**WHAT IS EXPECTED**
Somewhere below are a line with "nat set \<Rightarrow>" and a later line with "X = (\<Prod>i\<in>alts". Output exactly those lines and all lines between them.

Saved data entries
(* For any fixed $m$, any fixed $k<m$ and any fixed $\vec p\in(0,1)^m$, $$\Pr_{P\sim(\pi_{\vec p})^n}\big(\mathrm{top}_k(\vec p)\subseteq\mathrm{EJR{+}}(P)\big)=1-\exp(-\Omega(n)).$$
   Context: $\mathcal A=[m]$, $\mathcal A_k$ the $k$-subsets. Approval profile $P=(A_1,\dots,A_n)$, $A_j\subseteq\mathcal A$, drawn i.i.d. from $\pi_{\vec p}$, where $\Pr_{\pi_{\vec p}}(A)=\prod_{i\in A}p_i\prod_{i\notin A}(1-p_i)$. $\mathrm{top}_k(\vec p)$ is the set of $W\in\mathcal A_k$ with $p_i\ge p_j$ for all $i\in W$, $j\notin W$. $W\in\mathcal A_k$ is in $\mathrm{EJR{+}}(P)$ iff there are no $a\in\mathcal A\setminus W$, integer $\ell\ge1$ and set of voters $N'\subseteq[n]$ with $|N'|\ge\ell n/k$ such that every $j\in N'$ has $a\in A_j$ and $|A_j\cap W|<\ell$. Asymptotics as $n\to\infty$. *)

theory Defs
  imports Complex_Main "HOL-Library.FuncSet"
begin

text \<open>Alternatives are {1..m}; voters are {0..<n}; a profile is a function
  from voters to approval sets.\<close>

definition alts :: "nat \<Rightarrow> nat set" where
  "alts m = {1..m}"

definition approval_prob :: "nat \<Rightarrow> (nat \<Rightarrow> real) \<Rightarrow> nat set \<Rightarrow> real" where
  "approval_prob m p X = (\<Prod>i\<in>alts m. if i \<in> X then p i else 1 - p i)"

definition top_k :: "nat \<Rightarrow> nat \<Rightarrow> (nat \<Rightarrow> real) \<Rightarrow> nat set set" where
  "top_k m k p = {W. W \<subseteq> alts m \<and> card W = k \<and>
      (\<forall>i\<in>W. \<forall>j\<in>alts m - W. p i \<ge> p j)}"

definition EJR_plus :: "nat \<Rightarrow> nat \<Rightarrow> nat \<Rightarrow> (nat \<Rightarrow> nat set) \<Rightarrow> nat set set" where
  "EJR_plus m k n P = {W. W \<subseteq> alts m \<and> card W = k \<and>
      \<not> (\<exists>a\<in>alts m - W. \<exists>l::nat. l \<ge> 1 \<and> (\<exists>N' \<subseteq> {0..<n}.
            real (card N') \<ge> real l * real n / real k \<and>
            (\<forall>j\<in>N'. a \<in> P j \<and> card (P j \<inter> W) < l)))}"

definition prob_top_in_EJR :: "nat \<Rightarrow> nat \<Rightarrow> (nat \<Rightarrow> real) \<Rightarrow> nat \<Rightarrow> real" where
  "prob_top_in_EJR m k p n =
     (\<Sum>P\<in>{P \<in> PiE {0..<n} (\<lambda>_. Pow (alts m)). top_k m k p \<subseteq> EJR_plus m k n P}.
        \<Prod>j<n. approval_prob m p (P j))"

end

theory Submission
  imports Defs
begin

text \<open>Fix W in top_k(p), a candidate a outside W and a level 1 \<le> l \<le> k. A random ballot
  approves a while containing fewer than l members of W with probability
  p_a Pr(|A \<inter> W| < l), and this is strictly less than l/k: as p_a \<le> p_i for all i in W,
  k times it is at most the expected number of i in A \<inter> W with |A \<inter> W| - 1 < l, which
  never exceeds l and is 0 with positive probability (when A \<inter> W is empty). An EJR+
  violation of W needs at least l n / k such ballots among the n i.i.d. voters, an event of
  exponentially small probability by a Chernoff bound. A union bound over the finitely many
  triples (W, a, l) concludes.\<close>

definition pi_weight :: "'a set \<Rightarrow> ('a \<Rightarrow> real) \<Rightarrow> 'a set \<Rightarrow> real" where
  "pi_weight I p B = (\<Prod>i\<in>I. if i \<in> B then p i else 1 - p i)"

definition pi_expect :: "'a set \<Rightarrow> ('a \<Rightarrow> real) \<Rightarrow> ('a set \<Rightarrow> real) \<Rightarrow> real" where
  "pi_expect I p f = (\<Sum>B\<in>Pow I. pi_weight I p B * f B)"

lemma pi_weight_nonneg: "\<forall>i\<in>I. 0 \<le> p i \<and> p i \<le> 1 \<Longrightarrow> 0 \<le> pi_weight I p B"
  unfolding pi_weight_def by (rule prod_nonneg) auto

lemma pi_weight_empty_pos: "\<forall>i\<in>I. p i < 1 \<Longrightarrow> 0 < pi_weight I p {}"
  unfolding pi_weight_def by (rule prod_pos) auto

--

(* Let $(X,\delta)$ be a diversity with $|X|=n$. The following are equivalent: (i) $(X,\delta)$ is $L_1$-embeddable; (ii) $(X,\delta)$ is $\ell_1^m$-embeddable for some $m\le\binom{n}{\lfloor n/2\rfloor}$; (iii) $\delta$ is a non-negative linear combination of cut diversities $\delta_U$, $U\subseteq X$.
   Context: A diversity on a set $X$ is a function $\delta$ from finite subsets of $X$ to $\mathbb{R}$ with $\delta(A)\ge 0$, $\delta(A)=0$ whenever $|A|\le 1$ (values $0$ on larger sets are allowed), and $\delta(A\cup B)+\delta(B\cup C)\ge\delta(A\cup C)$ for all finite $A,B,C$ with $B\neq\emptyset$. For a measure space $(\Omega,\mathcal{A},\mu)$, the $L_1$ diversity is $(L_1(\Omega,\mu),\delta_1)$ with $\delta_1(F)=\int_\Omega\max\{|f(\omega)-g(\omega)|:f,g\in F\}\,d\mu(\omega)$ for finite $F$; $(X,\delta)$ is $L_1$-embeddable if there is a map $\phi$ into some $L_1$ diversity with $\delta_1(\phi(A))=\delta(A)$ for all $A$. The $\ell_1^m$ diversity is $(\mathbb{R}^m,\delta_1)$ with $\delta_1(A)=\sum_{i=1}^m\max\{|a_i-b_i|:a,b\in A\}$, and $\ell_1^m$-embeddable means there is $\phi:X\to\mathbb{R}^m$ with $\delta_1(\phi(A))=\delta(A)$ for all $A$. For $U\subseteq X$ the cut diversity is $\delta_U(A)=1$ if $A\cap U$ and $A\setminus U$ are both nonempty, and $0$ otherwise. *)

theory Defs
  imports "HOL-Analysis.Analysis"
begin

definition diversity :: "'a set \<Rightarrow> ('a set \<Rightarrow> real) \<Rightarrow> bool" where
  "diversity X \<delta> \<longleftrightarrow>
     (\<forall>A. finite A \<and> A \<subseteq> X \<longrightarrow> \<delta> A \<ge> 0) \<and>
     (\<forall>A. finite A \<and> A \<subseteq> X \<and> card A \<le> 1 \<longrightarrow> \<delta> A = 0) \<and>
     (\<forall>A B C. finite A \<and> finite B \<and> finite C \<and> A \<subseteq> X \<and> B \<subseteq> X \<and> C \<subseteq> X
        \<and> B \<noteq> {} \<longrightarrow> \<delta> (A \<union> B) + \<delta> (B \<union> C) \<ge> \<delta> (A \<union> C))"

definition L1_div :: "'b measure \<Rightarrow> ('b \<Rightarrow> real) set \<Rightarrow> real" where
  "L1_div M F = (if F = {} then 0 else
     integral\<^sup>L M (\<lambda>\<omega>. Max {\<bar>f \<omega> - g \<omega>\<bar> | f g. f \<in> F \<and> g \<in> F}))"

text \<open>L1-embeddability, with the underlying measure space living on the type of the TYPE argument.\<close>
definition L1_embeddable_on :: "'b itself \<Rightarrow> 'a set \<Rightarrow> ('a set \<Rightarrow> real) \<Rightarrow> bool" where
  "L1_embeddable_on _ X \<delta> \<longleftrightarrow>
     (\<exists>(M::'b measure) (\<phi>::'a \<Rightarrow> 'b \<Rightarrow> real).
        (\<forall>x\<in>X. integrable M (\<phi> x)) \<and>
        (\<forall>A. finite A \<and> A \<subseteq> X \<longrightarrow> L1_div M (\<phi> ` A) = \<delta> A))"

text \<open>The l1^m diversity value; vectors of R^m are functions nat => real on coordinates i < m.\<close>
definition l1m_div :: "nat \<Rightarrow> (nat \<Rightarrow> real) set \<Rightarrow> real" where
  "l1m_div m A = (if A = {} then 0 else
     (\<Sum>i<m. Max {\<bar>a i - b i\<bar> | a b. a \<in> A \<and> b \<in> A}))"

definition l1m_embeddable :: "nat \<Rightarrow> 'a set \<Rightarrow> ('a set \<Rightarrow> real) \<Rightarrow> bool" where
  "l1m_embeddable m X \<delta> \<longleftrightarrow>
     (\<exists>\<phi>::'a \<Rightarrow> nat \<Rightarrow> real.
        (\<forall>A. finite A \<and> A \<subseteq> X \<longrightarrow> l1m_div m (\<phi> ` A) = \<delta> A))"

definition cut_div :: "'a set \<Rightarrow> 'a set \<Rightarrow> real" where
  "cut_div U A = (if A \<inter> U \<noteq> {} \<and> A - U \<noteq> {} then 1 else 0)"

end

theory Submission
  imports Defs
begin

**ANSWER TO THIS EXERCISE**
definition approval_prob :: "nat \<Rightarrow> (nat \<Rightarrow> real) \<Rightarrow> nat set \<Rightarrow> real" where
  "approval_prob m p X = (\<Prod>i\<in>alts m. if i \<in> X then p i else 1 - p i)"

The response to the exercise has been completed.